TASK DETAILS
Every line of the records below that holds the word "real" belongs in the answer.

SUPPLIED RECORDS

lemma card_Diff_closed_nbhd:
  assumes "finite V" "\<forall>u. {u} \<notin> E" "w \<in> V" "A \<subseteq> V" "A \<inter> insert w (nbhd V E w) = {}"
  shows "card (V - A - closed_nbhd E w) + card A + card (nbhd V E w) + 1 = card V"
proof -
  define B where "B = A \<union> insert w (nbhd V E w)"
  have "V - A - closed_nbhd E w = V - B"
    by (auto simp: B_def closed_nbhd_def nbhd_def insert_commute)
  moreover have BV: "B \<subseteq> V" using assms(3,4) by (auto simp: B_def nbhd_def)
  moreover have finB: "finite B" using finite_subset[OF BV assms(1)] .
  moreover have "w \<notin> nbhd V E w" using assms(2) by (auto simp: nbhd_def)
  then have "card B = card A + (card (nbhd V E w) + 1)"
    using finB assms(5) unfolding B_def by (simp add: card_Un_disjoint)
  ultimately show ?thesis
    using card_Diff_subset[OF finB BV] card_mono[OF assms(1) BV] by simp
qed

lemma nonadjacent_pair_in_nbhd:
  assumes "finite V" "\<forall>u. {u} \<notin> E" "v \<in> V" "card (nbhd V E v) = 4" "\<not> has_clique V E 5"
  shows "\<exists>a\<in>nbhd V E v. \<exists>b\<in>nbhd V E v. a \<noteq> b \<and> {a, b} \<notin> E"
proof (rule ccontr)
  assume "\<not> ?thesis"
  then have adj: "\<forall>a\<in>nbhd V E v. \<forall>b\<in>nbhd V E v. a \<noteq> b \<longrightarrow> {a, b} \<in> E" by blast
  have "v \<notin> nbhd V E v" "finite (nbhd V E v)" using assms(1,2) by (auto simp: nbhd_def)
  then have "card (insert v (nbhd V E v)) = 5" using assms(4) by simp
  moreover have "\<forall>a\<in>insert v (nbhd V E v). \<forall>b\<in>insert v (nbhd V E v). a \<noteq> b \<longrightarrow> {a, b} \<in> E"
    using adj by (auto simp: nbhd_def insert_commute)
  moreover have "insert v (nbhd V E v) \<subseteq> V" using assms(3) by (auto simp: nbhd_def)
  ultimately have "has_clique V E 5" unfolding has_clique_def by blast
  then show False using assms(5) by simp
qed

lemma obtain_nbhd_list:
  assumes "finite V" "\<forall>u. {u} \<notin> E" "v \<in> V" "\<not> has_clique V E 5"
  obtains ws where "distinct ws" "set ws = nbhd V E v"
    and "card (nbhd V E v) = 4 \<Longrightarrow> {ws ! 0, ws ! 1} \<notin> E"
proof (cases "card (nbhd V E v) = 4")
  case True
  then obtain a b where ab: "a \<in> nbhd V E v" "b \<in> nbhd V E v" "a \<noteq> b" "{a, b} \<notin> E"
    using nonadjacent_pair_in_nbhd[OF assms(1-3) _ assms(4)] by blast
  obtain rest where "distinct rest" "set rest = nbhd V E v - {a, b}"
    using finite_distinct_list[of "nbhd V E v - {a, b}"] assms(1) by (auto simp: nbhd_def)
  then show ?thesis using that[of "a # b # rest"] ab by auto
next
  case False
  obtain ws where "distinct ws" "set ws = nbhd V E v"
    using finite_distinct_list[of "nbhd V E v"] assms(1) by (auto simp: nbhd_def)
  then show ?thesis using that False by blast
qed

lemma btilde_nbhd_term_bound:
  fixes V :: "'a::linorder set"
  assumes fin: "finite V" and noloop: "\<forall>u. {u} \<notin> E" and v: "v \<in> V"
    and min_deg: "\<And>w. w \<in> V \<Longrightarrow> card (nbhd V E v) \<le> card (nbhd V E w)"
    and IH: "\<And>V'. V' \<subset> V \<Longrightarrow> real (btilde TYPE('k::field) V' E) \<le> 3 powr (real (card V') / 4)"
    and ws: "set ws = nbhd V E v" "i < length ws"
    and A: "A \<subseteq> set (take i ws)" "A \<inter> insert (ws ! i) (nbhd V E (ws ! i)) = {}"
  shows "real (btilde TYPE('k) (V - set (take i ws) - closed_nbhd E (ws ! i)) E)
    \<le> 3 powr ((real (card V) - card A - card (nbhd V E v) - 1) / 4)"
proof -
  define W where "W = V - set (take i ws) - closed_nbhd E (ws ! i)"
  have w: "ws ! i \<in> V" using ws nth_mem by (fastforce simp: nbhd_def)
  have AV: "A \<subseteq> V" using A(1) ws(1) set_take_subset by (fastforce simp: nbhd_def)
  have "ws ! i \<notin> W" by (simp add: W_def closed_nbhd_def)
  then have "W \<subset> V" using w by (auto simp: W_def)
  have "card W \<le> card (V - A - closed_nbhd E (ws ! i))"
    using A(1) fin by (intro card_mono) (auto simp: W_def)
  then have "real (card W) \<le> real (card V) - card A - card (nbhd V E v) - 1"
    using card_Diff_closed_nbhd[OF fin noloop w AV A(2)] min_deg[OF w] by linarith
  then have "3 powr (real (card W) / 4) \<le> 3 powr ((real (card V) - card A - card (nbhd V E v) - 1) / 4)"
    by (intro powr_mono) auto
  with IH[OF \<open>W \<subset> V\<close>] show ?thesis unfolding W_def by linarith
qed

ANSWER TO THIS TASK
    and IH: "\<And>V'. V' \<subset> V \<Longrightarrow> real (btilde TYPE('k::field) V' E) \<le> 3 powr (real (card V') / 4)"
  shows "real (btilde TYPE('k) (V - set (take i ws) - closed_nbhd E (ws ! i)) E)
    \<le> 3 powr ((real (card V) - card A - card (nbhd V E v) - 1) / 4)"
  then have "real (card W) \<le> real (card V) - card A - card (nbhd V E v) - 1"
  then have "3 powr (real (card W) / 4) \<le> 3 powr ((real (card V) - card A - card (nbhd V E v) - 1) / 4)"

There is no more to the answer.